(* Let $ABC$ be a triangle with circumcenter $O$, orthocenter $H$, and orthic triangle $A_HB_HC_H$ (the feet of the altitudes from $A, B, C$). Let $A^*, B^*, C^*$ be the feet of the perpendiculars from $O$ to the lines $AH, BH, CH$ respectively. If line $AO$ meets line $B_HC_H$ at $J$, then the orthocenter $H^*$ of triangle $A^*B^*C^*$ lies on line $A_HJ$. *)

theory Defs
  imports "HOL-Analysis.Analysis"
begin

definition is_foot :: "real^2 \<Rightarrow> real^2 \<Rightarrow> real^2 \<Rightarrow> real^2 \<Rightarrow> bool" where
  "is_foot F X P Q \<longleftrightarrow> collinear {P, Q, F} \<and> (X - F) \<bullet> (Q - P) = 0"

definition is_orthocenter :: "real^2 \<Rightarrow> real^2 \<Rightarrow> real^2 \<Rightarrow> real^2 \<Rightarrow> bool" where
  "is_orthocenter H A B C \<longleftrightarrow>
     (H - A) \<bullet> (B - C) = 0 \<and> (H - B) \<bullet> (C - A) = 0 \<and> (H - C) \<bullet> (A - B) = 0"

definition is_circumcenter :: "real^2 \<Rightarrow> real^2 \<Rightarrow> real^2 \<Rightarrow> real^2 \<Rightarrow> bool" where
  "is_circumcenter P A B C \<longleftrightarrow> dist P A = dist P B \<and> dist P B = dist P C"

end

theory Submission
  imports Defs
begin

text \<open>
  With circumcentre O one has H = A + B + C - 2 O, and the foot A' is A_H + O - M, where M is
  the midpoint of BC: O M A_H A' is a rectangle, as OM and A_H A' are perpendicular to BC and
  OA' is parallel to it.  The feet A', B', C' see OH at a right angle, so the circumcentre of
  A'B'C' is the midpoint of OH and H' = A' + B' + C' - O - H = A_H + B_H + C_H - 2 H, the Nagel
  point of the orthic triangle with respect to H.  The line AO is perpendicular to B_H C_H, and
  B_H + C_H - H lies on it because B_H, C_H lie on the circle with diameter AH.  Writing
  A_H - A = t (H - A) and comparing projections onto AO gives J - A = t (B_H + C_H - H - A),
  hence J - A_H = t (H' - A_H).
\<close>

definition cross2 :: "real^2 \<Rightarrow> real^2 \<Rightarrow> real" where
  "cross2 u v = u$1 * v$2 - u$2 * v$1"

lemma inner_real2: "u \<bullet> v = u$1 * v$1 + u$2 * v$2" for u v :: "real^2"
  by (simp add: inner_vec_def sum_2)

lemma cross2_add_right: "cross2 w (u + v) = cross2 w u + cross2 w v"
  and cross2_diff_right: "cross2 w (u - v) = cross2 w u - cross2 w v"
  and cross2_scaleR_left [simp]: "cross2 (c *\<^sub>R u) w = c * cross2 u w"
  and cross2_scaleR_right [simp]: "cross2 w (c *\<^sub>R u) = c * cross2 w u"
  and cross2_self [simp]: "cross2 u u = 0"
  by (simp_all add: cross2_def algebra_simps)

lemma collinear_0_iff_cross2: "collinear {0, u, v} \<longleftrightarrow> cross2 u v = 0"
proof
  assume "collinear {0, u, v}"
  then have "u = 0 \<or> v = 0 \<or> (\<exists>c. v = c *\<^sub>R u)" by (simp add: collinear_lemma)
  then show "cross2 u v = 0" by (auto simp: cross2_def)
next
  assume uv: "cross2 u v = 0"
  show "collinear {0, u, v}"
  proof (cases "u$1 = 0")
    case True
    then have "v = (v$2 / u$2) *\<^sub>R u \<or> u = 0" using uv
      by (auto simp: cross2_def vec_eq_iff forall_2 field_simps)
    then show ?thesis unfolding collinear_lemma by blast
  next
    case False
    then have "v = (v$1 / u$1) *\<^sub>R u" using uv
      by (simp add: cross2_def vec_eq_iff forall_2 field_simps)
    then show ?thesis unfolding collinear_lemma by blast
  qed
qed
section \<open>Affine independence and dimension\<close>

text \<open>One step of Gaussian elimination: a solution of the system with the unknown \<open>s\<^sub>0\<close> eliminated
  by means of equation \<open>k\<close> extends to a solution of the full system.\<close>
lemma elimination_step:
  fixes w :: "'a \<Rightarrow> 'b \<Rightarrow> real"
  assumes S: "finite S" "s0 \<in> S" and pivot: "w s0 k \<noteq> 0"
    and sol: "\<forall>j\<in>K. (\<Sum>s\<in>S - {s0}. c s * (w s j - w s k / w s0 k * w s0 j)) = 0"
  defines "A \<equiv> \<Sum>s\<in>S - {s0}. c s * w s k"
  shows "\<forall>j\<in>insert k K. (\<Sum>s\<in>S. (c(s0 := - A / w s0 k)) s * w s j) = 0"
proof
  fix j assume j: "j \<in> insert k K"
  have "(\<Sum>s\<in>S. (c(s0 := - A / w s0 k)) s * w s j)
      = - A / w s0 k * w s0 j + (\<Sum>s\<in>S - {s0}. (c(s0 := - A / w s0 k)) s * w s j)"
    using sum.remove[OF S, of "\<lambda>s. (c(s0 := - A / w s0 k)) s * w s j"] by simp
  also have "(\<Sum>s\<in>S - {s0}. (c(s0 := - A / w s0 k)) s * w s j) = (\<Sum>s\<in>S - {s0}. c s * w s j)"
    by (rule sum.cong) auto
  also have "(\<Sum>s\<in>S - {s0}. c s * w s j) = w s0 j / w s0 k * A"
  proof (cases "j = k")
    case False
    have "(\<Sum>s\<in>S - {s0}. c s * (w s j - w s k / w s0 k * w s0 j))
        = (\<Sum>s\<in>S - {s0}. c s * w s j) - w s0 j / w s0 k * A"
      unfolding assms(5) sum_distrib_left sum_subtractf[symmetric] by (rule sum.cong) (simp_all add: algebra_simps)
    then show ?thesis using sol j False by simp
  qed (use pivot in \<open>simp add: assms(5)\<close>)
  finally show "(\<Sum>s\<in>S. (c(s0 := - A / w s0 k)) s * w s j) = 0" by simp
qed

lemma ex_nontrivial_solution:
  fixes w :: "'a \<Rightarrow> 'b \<Rightarrow> real"
  assumes "finite K" "finite S" "card K < card S"
  shows "\<exists>c. (\<exists>s\<in>S. c s \<noteq> 0) \<and> (\<forall>k\<in>K. (\<Sum>s\<in>S. c s * w s k) = 0)"
  using assms
proof (induction K arbitrary: S w rule: finite_induct)
  case empty
  then obtain s0 where "s0 \<in> S" by fastforce
  then show ?case by (intro exI[of _ "\<lambda>s. 1"]) auto
next
  case (insert k K)
  show ?case
  proof (cases "\<forall>s\<in>S. w s k = 0")
    case True
    then show ?thesis using insert.IH[of S w] insert.prems insert.hyps by auto
  next
    case False
    then obtain s0 where s0: "s0 \<in> S" "w s0 k \<noteq> 0" by blast
    have "card K < card (S - {s0})" using insert s0(1) by simp
    then obtain c where c: "\<exists>s\<in>S - {s0}. c s \<noteq> 0"
      "\<forall>j\<in>K. (\<Sum>s\<in>S - {s0}. c s * (w s j - w s k / w s0 k * w s0 j)) = 0"
      using insert.IH[of "S - {s0}" "\<lambda>s j. w s j - w s k / w s0 k * w s0 j"] insert.prems by auto
    have "\<exists>s\<in>S. (c(s0 := - (\<Sum>s\<in>S - {s0}. c s * w s k) / w s0 k)) s \<noteq> 0" using c(1) by auto
    then show ?thesis using elimination_step[OF insert.prems(1) s0 c(2)] by blast
  qed
qed
lemma is_congruence_cong_below:
  assumes "finite C"
  shows "is_congruence C (chain_ops C \<sigma>) (cong_below C \<sigma> d)"
  unfolding is_congruence_def
proof (intro conjI equiv_cong_below[OF assms], clarsimp simp: chain_ops_def)
  fix p q xs ys
  assume pq: "p \<in> prime_intervals C" "q \<in> prime_intervals C" "\<sigma> q \<le> \<sigma> p"
    and "length xs = Suc 0" "list_all2 (\<lambda>x y. (x, y) \<in> cong_below C \<sigma> d) xs ys"
  then obtain x y where "xs = [x]" "ys = [y]" "(x, y) \<in> cong_below C \<sigma> d"
    by (cases xs; cases ys) (auto simp: list_all2_Cons1)
  then show "(prime_map p q (hd xs), prime_map p q (hd ys)) \<in> cong_below C \<sigma> d"
    using prime_map_cong_below[OF assms pq] by simp
qed

lemma cong_below_subset_iff:
  fixes \<sigma> :: "'c::linorder \<times> 'c \<Rightarrow> 'd::{finite, bounded_lattice}"
  assumes "colored_chain C \<sigma>"
  shows "cong_below C \<sigma> d \<subseteq> cong_below C \<sigma> e \<longleftrightarrow> d \<le> e"
proof
  assume sub: "cong_below C \<sigma> d \<subseteq> cong_below C \<sigma> e"
  show "d \<le> e"
  proof (rule le_if_join_irreducibles_le)
    fix j assume "j \<in> join_irreducibles" "j \<le> d"
    then obtain q where "q \<in> prime_intervals C" "j = \<sigma> q"
      using assms unfolding colored_chain_def by blast
    then show "j \<le> e"
      using sub \<open>j \<le> d\<close> prime_mem_cong_below_iff by blast
  qed
qed (auto simp: cong_below_def)
definition reversed_scale :: "(rat \<Rightarrow> 'a::frame) \<Rightarrow> rat \<Rightarrow> 'a" where
  "reversed_scale c p = (if p < 0 then top else if p \<le> 1 then c (1 - p) else bot)"

lemma reversed_scale_rather_below:
  assumes "scale c b a" and "p < q"
  shows "rather_below (reversed_scale c q) (reversed_scale c p)"
proof -
  consider "p < 0" | "1 < q" | "0 \<le> p" "q \<le> 1" by linarith
  then show ?thesis
  proof cases
    case 3
    with assms show ?thesis by (simp add: reversed_scale_def scaleD)
  qed (auto simp: reversed_scale_def rather_below_def)
qed

lemma reversed_scale_C_bar: "scale c b a \<Longrightarrow> ext_fn_of_scale (reversed_scale c) \<in> C_bar"
  by (intro ext_fn_of_scale_C_bar reversed_scale_rather_below)

lemma le_fst_reversed_scale:
  assumes "scale c b a" and "r < 1"
  shows "b \<le> fst (ext_fn_of_scale (reversed_scale c)) r"
proof -
  have "reversed_scale c 1 = b" using assms(1) by (simp add: reversed_scale_def scale_def)
  with assms(2) show ?thesis by (auto intro: Sup_upper)
qed
(* Let $k\in\mathbb{N}$ with $k\ge2$, let $t_0\ge0$, and let $g_0\in C^2([t_0,\infty))$ satisfy $$\lim_{t\to\infty}tg_0'(t)=\infty,\qquad \lim_{t\to\infty}\frac{g_0''(t)}{g_0'(t)^2}=0,$$ and suppose $tg_0'(t)$ is nondecreasing and $g_0'(t)/g_0(t)$ is nonincreasing for all $t\ge t_0$. Let $f:[0,\infty)\to[0,\infty)$ be continuously differentiable with $f(t)=\exp_k(g_0(t))$ for all large $t$. Then $f$ satisfies condition (H1) of the context with $q=1$ (with $t_0$ replaced by a suitably large number).
   Context: $\exp_1=\exp$ and $\exp_k(t)=\exp_{k-1}(\exp(t))$. For $f$ positive and $C^2$ on $[t_0,\infty)$ with $g=\log f$ there, condition (H1) means: (i) $g'(t)>0$ and $g''(t)>0$ for all $t\ge t_0$, and there is a pair $(q,p)$ with either $q=1$ and $p\in(0,\infty]$, or $q\in(1,\infty)$ and $p\in(0,\infty)$, such that $\lim_{t\to\infty}\frac{g'(t)^2}{g(t)g''(t)}=q$ and $\lim_{t\to\infty}\frac{tg'(t)}{g(t)}=p$; (ii) if $q=1$, then $tg'(t)/g(t)$ is nondecreasing on $[t_0,\infty)$ and there exist $m\in\mathbb{N}$ and $\hat g\in C^2([t_0,\infty))$ with $f=\exp_m\circ\hat g$ and $\hat g'/\hat g$ nonincreasing on $[t_0,\infty)$. *)

theory Defs
  imports "HOL-Analysis.Analysis"
begin

definition iter_exp :: "nat \<Rightarrow> real \<Rightarrow> real" where
  "iter_exp k = exp ^^ k"

definition C2_derivs :: "real set \<Rightarrow> (real \<Rightarrow> real) \<Rightarrow> (real \<Rightarrow> real) \<Rightarrow> (real \<Rightarrow> real) \<Rightarrow> bool" where
  "C2_derivs S h h1 h2 \<longleftrightarrow>
     (\<forall>x\<in>S. (h has_real_derivative h1 x) (at x within S) \<and>
             (h1 has_real_derivative h2 x) (at x within S)) \<and>
     continuous_on S h2"

definition H1 :: "(real \<Rightarrow> real) \<Rightarrow> real \<Rightarrow> real \<Rightarrow> ereal \<Rightarrow> bool" where
  "H1 f t0 q p \<longleftrightarrow>
     (\<forall>t\<ge>t0. f t > 0) \<and>
     (\<exists>f1 f2. C2_derivs {t0..} f f1 f2) \<and>
     (\<exists>g1 g2. C2_derivs {t0..} (\<lambda>t. ln (f t)) g1 g2 \<and>
        (\<forall>t\<ge>t0. g1 t > 0 \<and> g2 t > 0) \<and>
        ((q = 1 \<and> 0 < p) \<or> (q > 1 \<and> 0 < p \<and> p < \<infinity>)) \<and>
        ((\<lambda>t. (g1 t)\<^sup>2 / (ln (f t) * g2 t)) \<longlongrightarrow> q) at_top \<and>
        ((\<lambda>t. ereal (t * g1 t / ln (f t))) \<longlongrightarrow> p) at_top \<and>
        (q = 1 \<longrightarrow>
           (\<forall>s t. t0 \<le> s \<and> s \<le> t \<longrightarrow> s * g1 s / ln (f s) \<le> t * g1 t / ln (f t)) \<and>
           (\<exists>m::nat. m \<ge> 1 \<and>
              (\<exists>h h1 h2. C2_derivs {t0..} h h1 h2 \<and>
                 (\<forall>t\<ge>t0. f t = iter_exp m (h t)) \<and>
                 (\<forall>s t. t0 \<le> s \<and> s \<le> t \<longrightarrow> h1 t / h t \<le> h1 s / h s)))))"

end

theory Submission
  imports Defs
begin

text \<open>On a tail, \<open>ln f = exp G\<close> with \<open>G = exp\<^sub>k\<^sub>-\<^sub>2 \<circ> g\<^sub>0\<close>. Then
  \<open>(ln f)'\<^sup>2 / (ln f \<cdot> (ln f)'') = G'\<^sup>2 / (G'\<^sup>2 + G'') \<longrightarrow> 1\<close> because \<open>G'' / G'\<^sup>2 \<longrightarrow> 0\<close>,
  and \<open>t (ln f)' / ln f = t G'\<close> increases to \<open>\<infinity>\<close>. It remains to see that the conditions
  \<open>u' > 0\<close>, \<open>t u' \<nearrow> \<infinity>\<close>, \<open>u'' / u'\<^sup>2 \<longrightarrow> 0\<close> pass from \<open>g\<^sub>0\<close> to \<open>G\<close>, i.e. are stable under
  \<open>u \<mapsto> exp u\<close>: for \<open>exp u\<close> the last ratio is \<open>(1 + u''/u'\<^sup>2) / exp u\<close>, which tends to \<open>0\<close>
  since \<open>t u' \<ge> 1\<close> makes \<open>u - ln t\<close> nondecreasing, hence \<open>u \<longrightarrow> \<infinity>\<close>.\<close>

lemma C2_derivs_cong:
  assumes "\<forall>x\<in>S. f x = g x" "C2_derivs S f f1 f2"
  shows "C2_derivs S g f1 f2"
  using assms unfolding C2_derivs_def has_field_derivative_def
  by (metis has_derivative_transform)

################

May I have exactly the lines from the one containing "text \<open>On a" through the last line of the data, both included?

- **Reply to the exercise**
text \<open>On a tail, \<open>ln f = exp G\<close> with \<open>G = exp\<^sub>k\<^sub>-\<^sub>2 \<circ> g\<^sub>0\<close>. Then
  \<open>(ln f)'\<^sup>2 / (ln f \<cdot> (ln f)'') = G'\<^sup>2 / (G'\<^sup>2 + G'') \<longrightarrow> 1\<close> because \<open>G'' / G'\<^sup>2 \<longrightarrow> 0\<close>,
  and \<open>t (ln f)' / ln f = t G'\<close> increases to \<open>\<infinity>\<close>. It remains to see that the conditions
  \<open>u' > 0\<close>, \<open>t u' \<nearrow> \<infinity>\<close>, \<open>u'' / u'\<^sup>2 \<longrightarrow> 0\<close> pass from \<open>g\<^sub>0\<close> to \<open>G\<close>, i.e. are stable under
  \<open>u \<mapsto> exp u\<close>: for \<open>exp u\<close> the last ratio is \<open>(1 + u''/u'\<^sup>2) / exp u\<close>, which tends to \<open>0\<close>
  since \<open>t u' \<ge> 1\<close> makes \<open>u - ln t\<close> nondecreasing, hence \<open>u \<longrightarrow> \<infinity>\<close>.\<close>

lemma C2_derivs_cong:
  assumes "\<forall>x\<in>S. f x = g x" "C2_derivs S f f1 f2"
  shows "C2_derivs S g f1 f2"
  using assms unfolding C2_derivs_def has_field_derivative_def
  by (metis has_derivative_transform)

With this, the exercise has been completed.